MTMF solves this problem by adding another parameter. "Cones" are defined from the target through the variance (standard deviation) contours of the data set. Pixels now get not only a score of where they plot on the vector for a target, but they get an "infeasibility score" determined by which "cone" they fall into. In the case of our test pixel in the illustration, it would still have a 1.0 score for target A, but you can see it would have an extremely high infeasibility score (many, many sigma out for that cone!). However, it's 0.8 score for target B would be accompanied by an exceptionally low infeasibility score, adding real confidence to our assessment of what's in that pixel.

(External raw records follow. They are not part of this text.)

(* Let $H$ and $G$ be real Hilbert spaces, $Z$ a nonempty closed convex subset of $H\times G$, $x_0\in H\times G$, $\{\lambda_n\}\subset(0,1]$, and $\{H_n\}$ closed convex subsets of $H\times G$ with $Z\subset H_n$ for all $n$. Consider the iteration: for $n=0,1,\dots$, $x_{n+1/2}=x_n+\lambda_n(P_{H_n}(x_n)-x_n)$ and $x_{n+1}=P_{H(x_0,x_n)\cap C_n}(x_0)$, where $C_0=H(x_0,x_{1/2})$ and, for $n\ge1$, $C_n$ is given by one of: (a) $C_n=H(x_n,x_{n+1/2})\cap H(x_{n-1},x_{(n-1)+1/2})$; (b) $C_n=H(x_n,x_{n+1/2})\cap H(x_0,x_{n-1})$; (c) $C_n=H(x_n,x_{n+1/2})\cap H(x_0,\tau_nx_n+(1-\tau_n)x_{n-1})$ with $\tau_n\in(0,1)$. Then in each case the following hold: 1. $Z\subset H(x_0,x_n)\cap C_n$ for all $n$; 2. $\|x_{n+1}-x_0\|\ge\|x_n-x_0\|$ for all $n$; 3. $\sum_n\|x_{n+1}-x_n\|^2<+\infty$; 4. $\sum_n\|x_{n+1/2}-x_n\|^2<+\infty$; 5. if every weak sequential cluster point of $\{x_n\}$ lies in $Z$, then $x_n\to P_Z(x_0)$ strongly.
   Context: $H\times G$ has the product Hilbert structure. For $x,y\in H\times G$, $H(x,y):=\{h:\ \langle h-y\mid x-y\rangle\le 0\}$ ($H(x,x)$ is the whole space). $P_D$ is the metric projection onto a nonempty closed convex set $D$. *)

theory Defs
  imports "HOL-Analysis.Analysis"
begin

text \<open>Metric projection onto a set D (for D nonempty closed convex in a real Hilbert
space this is the unique nearest point).  The library's closest_point needs heine_borel.\<close>
definition proj :: "'a::real_inner set \<Rightarrow> 'a \<Rightarrow> 'a" where
  "proj D x = (SOME p. p \<in> D \<and> (\<forall>y\<in>D. norm (x - p) \<le> norm (x - y)))"

definition hspace :: "'a::real_inner \<Rightarrow> 'a \<Rightarrow> 'a set" where
  "hspace x y = {h. inner (h - y) (x - y) \<le> 0}"

definition weak_conv :: "(nat \<Rightarrow> 'a::real_inner) \<Rightarrow> 'a \<Rightarrow> bool" where
  "weak_conv u z \<longleftrightarrow> (\<forall>y. (\<lambda>j. inner (u j) y) \<longlonglongrightarrow> inner z y)"

definition weak_seq_cluster_point :: "(nat \<Rightarrow> 'a::real_inner) \<Rightarrow> 'a \<Rightarrow> bool" where
  "weak_seq_cluster_point u z \<longleftrightarrow> (\<exists>r. strict_mono r \<and> weak_conv (u \<circ> r) z)"

end

theory Submission
  imports Defs "HOL-Library.Diagonal_Subsequence"
begin

text \<open>Each iterate x (n+1) is the projection of x0 onto a closed convex set that contains Z and
  lies in the half-space H(x0, x n). Hence the distances to x0 increase, are bounded by the
  distance of P_Z x0, and Pythagoras in H(x0, x n) makes the squared steps telescope. The cuts
  contain Z because the half-space of a relaxed projection step, and that of a convex combination
  of two centres, contain everything the original half-spaces contain. Finally, a weak cluster
  point in Z is no farther from x0 than P_Z x0, so it is P_Z x0, and weak convergence without
  gain in norm is strong convergence.\<close>

lemma summable_if_le_increments:
  fixes a g :: "nat \<Rightarrow> real"
  assumes "\<And>n. 0 \<le> a n" "\<And>n. a n \<le> g (Suc n) - g n" "\<And>n. g n \<le> B"
  shows "summable a"
proof -
  have "incseq g"
  proof (rule incseq_SucI)
    show "g n \<le> g (Suc n)" for n using assms(1,2)[of n] by linarith
  qed
  then obtain L where "g \<longlonglongrightarrow> L"
    using incseq_convergent assms(3) by blast
  then have "summable (\<lambda>n. g (Suc n) - g n)"
    by (rule telescope_summable)
  moreover have "norm (a n) \<le> g (Suc n) - g n" for n
    using assms(1,2)[of n] by simp
  ultimately show ?thesis
    by (rule summable_comparison_test')
qed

Now, the fun part comes in with ROC analysis. Target A in that case is your CIN2 roi/material/class. Target B is CIN1. ROC analysis in that case would tell you "Yes, CIN1 would get a really high score returned from MF results on CIN2, however, we know that the CIN1 region is *not* CIN2, so it's curve will be skewed by a higher probability of false alarm." And that's exactly what's in your charts: CIN1's curve gets pulled down and to the right of the CIN2 curve in the ROC plot. Again, I'm sorry about the length of this email. It's not a very brief topic, but I hope this helps! Do you think a tech tip on this topic might be useful for other users? If so, please do let me know. We try to put info of interest to our customers in there relatively frequently to keep the content 'fresh'. Thanks!